Among the entries, find the lines with the string "finally" and report them.

(Beginning of Material shown)

lemma coords_unique:
  assumes "basis_columns z B" "\<And>m. m \<notin> B \<Longrightarrow> c m = 0" "(\<Sum>m\<in>B. c m *\<^sub>R z m) = v"
  shows "coords z B v = c"
  unfolding coords_def
proof (rule the_equality)
  fix c' assume c': "(\<forall>m. m \<notin> B \<longrightarrow> c' m = 0) \<and> (\<Sum>m\<in>B. c' m *\<^sub>R z m) = v"
  then have "(\<Sum>m\<in>B. (c' m - c m) *\<^sub>R z m) = 0"
    using assms(3) by (simp add: scaleR_left_diff_distrib sum_subtractf)
  then have "c' m = c m" if "m \<in> B" for m
    using independent_sum_scaleR_eq_0[of B z "\<lambda>m. c' m - c m"] assms(1) that
    by (simp add: basis_columns_def)
  then show "c' = c" using c' assms(2) by (intro ext) metis
qed (use assms in auto)

lemma sum_coords:
  assumes "basis_columns z B"
  shows "(\<Sum>m\<in>B. coords z B v m *\<^sub>R z m) = v"
proof -
  have fin: "finite B" and inj: "inj_on z B"
    using assms by (auto simp: basis_columns_def)
  obtain u where u: "v = (\<Sum>x\<in>z ` B. u x *\<^sub>R x)"
    using span_basis_columns[OF assms] span_finite[of "z ` B"] fin by auto
  define c where "c m = (if m \<in> B then u (z m) else 0)" for m
  have "(\<Sum>m\<in>B. c m *\<^sub>R z m) = v"
    using u inj by (simp add: c_def sum.reindex)
  moreover from this have "coords z B v = c"
    by (intro coords_unique[OF assms]) (simp_all add: c_def)
  ultimately show ?thesis
    by simp
qed

lemma orthogonal_basis_columns_eq_0:
  assumes "basis_columns z B" "\<And>m. m \<in> B \<Longrightarrow> y \<bullet> z m = 0"
  shows "y = 0"
proof -
  have "orthogonal y y"
    using orthogonal_to_span[of y "z ` B" y] span_basis_columns[OF assms(1)] assms(2)
    by (auto simp: orthogonal_def)
  then show ?thesis by (simp add: orthogonal_def)
qed

lemma dual_vec_inner:
  assumes "basis_columns z B" "m \<in> B"
  shows "dual_vec z B \<bullet> z m = 1"
proof -
  have fin: "finite B" and inj: "inj_on z B" and ind: "independent (z ` B)"
    using assms by (auto simp: basis_columns_def)
  \<comment> \<open>the Gram map \<open>y \<mapsto> \<Sum>\<^sub>m \<langle>y, z\<^sub>m\<rangle> z\<^sub>m\<close> is injective, hence surjective\<close>
  define G where "G y = (\<Sum>m\<in>B. (y \<bullet> z m) *\<^sub>R z m)" for y :: 'a
  have lin: "linear G"
    unfolding G_def by (intro linear_compose_sum) (auto intro!: linearI simp: inner_add_left scaleR_add_left)
  have "inj G"
  proof (rule linear_injective_0[OF lin, THEN iffD2], intro allI impI)
    fix y assume "G y = 0"
    then show "y = 0"
      using independent_sum_scaleR_eq_0[OF fin inj ind, of "\<lambda>m. y \<bullet> z m"]
        orthogonal_basis_columns_eq_0[OF assms(1)]
      unfolding G_def by blast
  qed
  then obtain y where "G y = (\<Sum>m\<in>B. z m)"
    using linear_injective_imp_surjective[OF lin] by (metis surjD)
  then have "(\<Sum>m\<in>B. (y \<bullet> z m - 1) *\<^sub>R z m) = 0"
    unfolding G_def by (simp add: scaleR_left_diff_distrib sum_subtractf)
  then have y: "\<forall>m\<in>B. y \<bullet> z m = 1"
    using independent_sum_scaleR_eq_0[OF fin inj ind, of "\<lambda>m. y \<bullet> z m - 1"] by auto
  have "dual_vec z B = y"
    unfolding dual_vec_def
  proof (rule the_equality)
    fix y' assume "\<forall>m\<in>B. y' \<bullet> z m = 1"
    then have "y' - y = 0"
      using y orthogonal_basis_columns_eq_0[OF assms(1), of "y' - y"] by (simp add: inner_diff_left)
    then show "y' = y" by simp
  qed (fact y)
  then show ?thesis using y assms(2) by simp
qed

lemma basis_columns_exchange:
  assumes bas: "basis_columns z B" and "i \<in> B" "j \<notin> B" and d: "coords z B (z j) i \<noteq> 0"
  shows "basis_columns z (insert j (B - {i}))"
proof (rule basis_columnsI)
  let ?B' = "insert j (B - {i})" and ?d = "coords z B (z j)"
  have fin: "finite B" using bas by (simp add: basis_columns_def)
  then show "finite ?B'" by simp
  show "card ?B' = DIM('a)"
    using fin assms(2,3) bas by (simp add: basis_columns_def card_insert_if)
  have "z i \<in> span (z ` ?B')"
  proof -
    have "z j - (\<Sum>m\<in>B - {i}. ?d m *\<^sub>R z m) = ?d i *\<^sub>R z i"
      using sum_coords[OF bas, of "z j"] fin assms(2) by (simp add: sum.remove algebra_simps)
    then have "z i = (1 / ?d i) *\<^sub>R (z j - (\<Sum>m\<in>B - {i}. ?d m *\<^sub>R z m))"
      using d by simp
    also have "\<dots> \<in> span (z ` ?B')"
      by (intro span_scale span_diff span_sum) (auto intro: span_base)
    finally show ?thesis .
  qed
  then have "z ` B \<subseteq> span (z ` ?B')"
    by (auto intro: span_base)
  then show "span (z ` ?B') = UNIV"
    using span_basis_columns[OF bas] span_minimal[of "z ` B" "span (z ` ?B')"] by auto
qed

lemma coords_exchange:
  fixes v :: "'a::euclidean_space"
  assumes bas: "basis_columns z B" and "i \<in> B" "j \<notin> B" and d: "coords z B (z j) i \<noteq> 0"
  defines "c \<equiv> coords z B v" and "d \<equiv> coords z B (z j)"
  shows "coords z (insert j (B - {i})) v =
    (\<lambda>m. if m = j then c i / d i else if m \<in> B - {i} then c m - c i / d i * d m else 0)"
    (is "_ = ?c'")
proof (rule coords_unique[OF basis_columns_exchange[OF assms(1-4)]])
  let ?t = "c i / d i"
  have fin: "finite B" using bas by (simp add: basis_columns_def)
  have "(\<Sum>m\<in>insert j (B - {i}). ?c' m *\<^sub>R z m) =
      ?c' j *\<^sub>R z j + (\<Sum>m\<in>B - {i}. ?c' m *\<^sub>R z m)"
    using fin assms(3) by (intro sum.insert) auto
  also have "(\<Sum>m\<in>B - {i}. ?c' m *\<^sub>R z m) = (\<Sum>m\<in>B - {i}. (c m - ?t * d m) *\<^sub>R z m)"
    using assms(3) by (intro sum.cong) auto
  also have "\<dots> = (\<Sum>m\<in>B. (c m - ?t * d m) *\<^sub>R z m)"
    using fin assms(2) d by (simp add: sum.remove d_def)
  also have "\<dots> = (\<Sum>m\<in>B. c m *\<^sub>R z m) - ?t *\<^sub>R (\<Sum>m\<in>B. d m *\<^sub>R z m)"
    by (simp only: scaleR_diff_left sum_subtractf scaleR_sum_right scaleR_scaleR)
  also have "\<dots> = v - ?t *\<^sub>R z j"
    using sum_coords[OF bas, of v] sum_coords[OF bas, of "z j"] by (simp add: c_def d_def)
  finally show "(\<Sum>m\<in>insert j (B - {i}). ?c' m *\<^sub>R z m) = v"
    by simp
qed auto

lemma simplex_pivot_feasible_basis:
  assumes "feasible_basis z p B" "simplex_pivot M z p B B'"
  shows "feasible_basis z p B'"
proof -
  have bas: "basis_columns z B" and nonneg: "\<And>m. m \<in> B \<Longrightarrow> 0 \<le> coords z B p m"
    using assms(1) by (auto simp: feasible_basis_def)
  define c d where "c = coords z B p" and "d j = coords z B (z j)" for j
  obtain j i where "j \<notin> B" "i \<in> B" and d_pos: "d j i > 0"
    and ratio: "\<And>m. m \<in> B \<Longrightarrow> d j m > 0 \<Longrightarrow> c i / d j i \<le> c m / d j m"
    and B': "B' = insert j (B - {i})"
    using assms(2) by (auto simp: simplex_pivot_def c_def d_def)
  have "coords z B' p m \<ge> 0" if "m \<in> B'" for m
  proof -
    have t: "c i / d j i \<ge> 0" using nonneg[OF \<open>i \<in> B\<close>] d_pos by (simp add: c_def)
    have "c i / d j i * d j m \<le> c m" if "m \<in> B"
    proof (cases "d j m > 0")
      case True
      then show ?thesis using ratio[OF that] by (simp add: le_divide_eq)
    next
      case False
      then have "c i / d j i * d j m \<le> 0"
        using t by (intro mult_nonneg_nonpos) auto
      then show ?thesis using nonneg[OF that] by (simp add: c_def)
    qed
    then show ?thesis
      using coords_exchange[OF bas \<open>i \<in> B\<close> \<open>j \<notin> B\<close>, of p] d_pos t \<open>m \<in> B'\<close>
      by (auto simp: B' c_def d_def)
  qed
  then show ?thesis
    using basis_columns_exchange[OF bas \<open>i \<in> B\<close> \<open>j \<notin> B\<close>] d_pos
    by (simp add: feasible_basis_def B' d_def)
qed

lemma simplex_run_feasible_basis:
  assumes "feasible_basis z p B0" "simplex_run M z p B0 B"
  shows "feasible_basis z p B"
proof -
  have "(simplex_pivot M z p)\<^sup>*\<^sup>* B0 B"
    using assms(2) by (simp add: simplex_run_def)
  then show ?thesis
    using assms(1) by (induction rule: rtranclp_induct) (auto intro: simplex_pivot_feasible_basis)
qed

lemma coords_sum_pos:
  assumes "feasible_basis z p B" "p \<noteq> 0"
  shows "0 < (\<Sum>m\<in>B. coords z B p m)"
proof -
  have bas: "basis_columns z B" and nonneg: "\<forall>m\<in>B. 0 \<le> coords z B p m"
    using assms(1) by (auto simp: feasible_basis_def)
  obtain m where "m \<in> B" "coords z B p m \<noteq> 0"
    using sum_coords[OF bas, of p] assms(2) by (metis (no_types, lifting) scale_zero_left sum.neutral)
  then show ?thesis
    using bas nonneg by (intro sum_pos2) (auto simp: basis_columns_def less_le)
qed

lemma beta_low_pos:
  assumes "feasible_basis z p B" "p \<noteq> 0"
  shows "0 < beta_low z p B"
  using coords_sum_pos[OF assms] by (simp add: beta_low_def basic_sol_def)

lemma sum_beta_low_basic_sol:
  assumes "feasible_basis z p B" "p \<noteq> 0"
  shows "(\<Sum>m\<in>B. beta_low z p B * basic_sol z p B m) = 1"
  using coords_sum_pos[OF assms]
  by (simp add: beta_low_def basic_sol_def flip: sum_divide_distrib)

lemma sum_beta_low_basic_sol_scaleR:
  assumes "basis_columns z B"
  shows "(\<Sum>m\<in>B. (beta_low z p B * basic_sol z p B m) *\<^sub>R z m) = beta_low z p B *\<^sub>R p"
proof -
  have "(\<Sum>m\<in>B. (beta_low z p B * basic_sol z p B m) *\<^sub>R z m) =
      beta_low z p B *\<^sub>R (\<Sum>m\<in>B. basic_sol z p B m *\<^sub>R z m)"
    by (simp add: scaleR_sum_right)
  then show ?thesis
    using sum_coords[OF assms, of p] by (simp add: basic_sol_def)
qed

lemma feasible_basis_primal_feasible:
  fixes z z1 z2 :: "int \<Rightarrow> 'a::euclidean_space"
  assumes fb: "feasible_basis z (p2 - p1) B" and "p1 \<noteq> p2" and "convex C1" "convex C2"
    and cols: "\<And>m. m \<in> B \<Longrightarrow> z1 m \<in> C1 \<and> z2 m \<in> C2 \<and> z m = z1 m - z2 m + (p2 - p1)"
  defines "\<beta> \<equiv> beta_low z (p2 - p1) B" and "\<nu> \<equiv> basic_sol z (p2 - p1) B"
  shows "ray_feasible (mink_set C1 C2 (p2 - p1)) (p2 - p1) \<beta> (\<Sum>m\<in>B. (\<beta> * \<nu> m) *\<^sub>R z m)"
    and "gd_feasible C1 C2 p1 p2 (1 / \<beta>) (\<Sum>m\<in>B. (\<beta> * \<nu> m) *\<^sub>R z1 m) (\<Sum>m\<in>B. (\<beta> * \<nu> m) *\<^sub>R z2 m)"
proof -
  let ?p = "p2 - p1"
  define x x1 x2 where "x = (\<Sum>m\<in>B. (\<beta> * \<nu> m) *\<^sub>R z m)"
    and "x1 = (\<Sum>m\<in>B. (\<beta> * \<nu> m) *\<^sub>R z1 m)" and "x2 = (\<Sum>m\<in>B. (\<beta> * \<nu> m) *\<^sub>R z2 m)"
  have bas: "basis_columns z B" and fin: "finite B"
    using fb by (auto simp: feasible_basis_def basis_columns_def)
  have p0: "?p \<noteq> 0" using \<open>p1 \<noteq> p2\<close> by simp
  have \<beta>_pos: "0 < \<beta>" using beta_low_pos[OF fb p0] by (simp add: \<beta>_def)
  have w_nonneg: "0 \<le> \<beta> * \<nu> m" if "m \<in> B" for m
    using fb that \<beta>_pos by (simp add: feasible_basis_def \<nu>_def basic_sol_def)
  have w_sum: "(\<Sum>m\<in>B. \<beta> * \<nu> m) = 1"
    using sum_beta_low_basic_sol[OF fb p0] by (simp add: \<beta>_def \<nu>_def)
  have x_ray: "x = \<beta> *\<^sub>R ?p"
    using sum_beta_low_basic_sol_scaleR[OF bas] by (simp add: x_def \<beta>_def \<nu>_def)
  have x1: "x1 \<in> C1" and x2: "x2 \<in> C2"
    unfolding x1_def x2_def using cols w_nonneg w_sum
    by (auto intro!: convex_sum[OF fin \<open>convex C1\<close>] convex_sum[OF fin \<open>convex C2\<close>])
  have "x = (\<Sum>m\<in>B. (\<beta> * \<nu> m) *\<^sub>R (z1 m - z2 m + ?p))"
    unfolding x_def using cols by (intro sum.cong) auto
  also have "\<dots> = x1 - x2 + (\<Sum>m\<in>B. \<beta> * \<nu> m) *\<^sub>R ?p"
    by (simp add: x1_def x2_def scaleR_right_distrib scaleR_right_diff_distrib sum.distrib
        sum_subtractf scaleR_sum_left)
  finally have x_diff: "x = x1 - x2 + ?p"
    using w_sum by simp
  show "ray_feasible (mink_set C1 C2 ?p) ?p \<beta> x"
    using x_diff x_ray x1 x2 by (auto simp: ray_feasible_def mink_set_def)
  have "x1 - x2 = (\<beta> - 1) *\<^sub>R ?p"
    using x_diff x_ray by (simp add: algebra_simps)
  then have "(1 / \<beta>) *\<^sub>R (x1 - x2) = (1 / \<beta> * (\<beta> - 1)) *\<^sub>R ?p"
    by simp
  also have "1 / \<beta> * (\<beta> - 1) = 1 - 1 / \<beta>"
    using \<beta>_pos by (simp add: field_simps)
  finally have "(1 / \<beta>) *\<^sub>R (x1 - x2) = (1 - 1 / \<beta>) *\<^sub>R ?p" .
  moreover have "((1 / \<beta>) *\<^sub>R (x1 - p1) + p1) - ((1 / \<beta>) *\<^sub>R (x2 - p2) + p2) =
      (1 / \<beta>) *\<^sub>R (x1 - x2) - (1 - 1 / \<beta>) *\<^sub>R ?p"
    by (simp add: algebra_simps)
  ultimately have "(1 / \<beta>) *\<^sub>R (x1 - p1) + p1 = (1 / \<beta>) *\<^sub>R (x2 - p2) + p2"
    by simp
  then show "gd_feasible C1 C2 p1 p2 (1 / \<beta>) x1 x2"
    using x1 x2 \<beta>_pos by (simp add: gd_feasible_def)
qed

(End of Material shown)

▶ [Output for this exercise]
    finally show ?thesis .
  finally show "(\<Sum>m\<in>insert j (B - {i}). ?c' m *\<^sub>R z m) = v"
  finally have x_diff: "x = x1 - x2 + ?p"
  finally have "(1 / \<beta>) *\<^sub>R (x1 - x2) = (1 - 1 / \<beta>) *\<^sub>R ?p" .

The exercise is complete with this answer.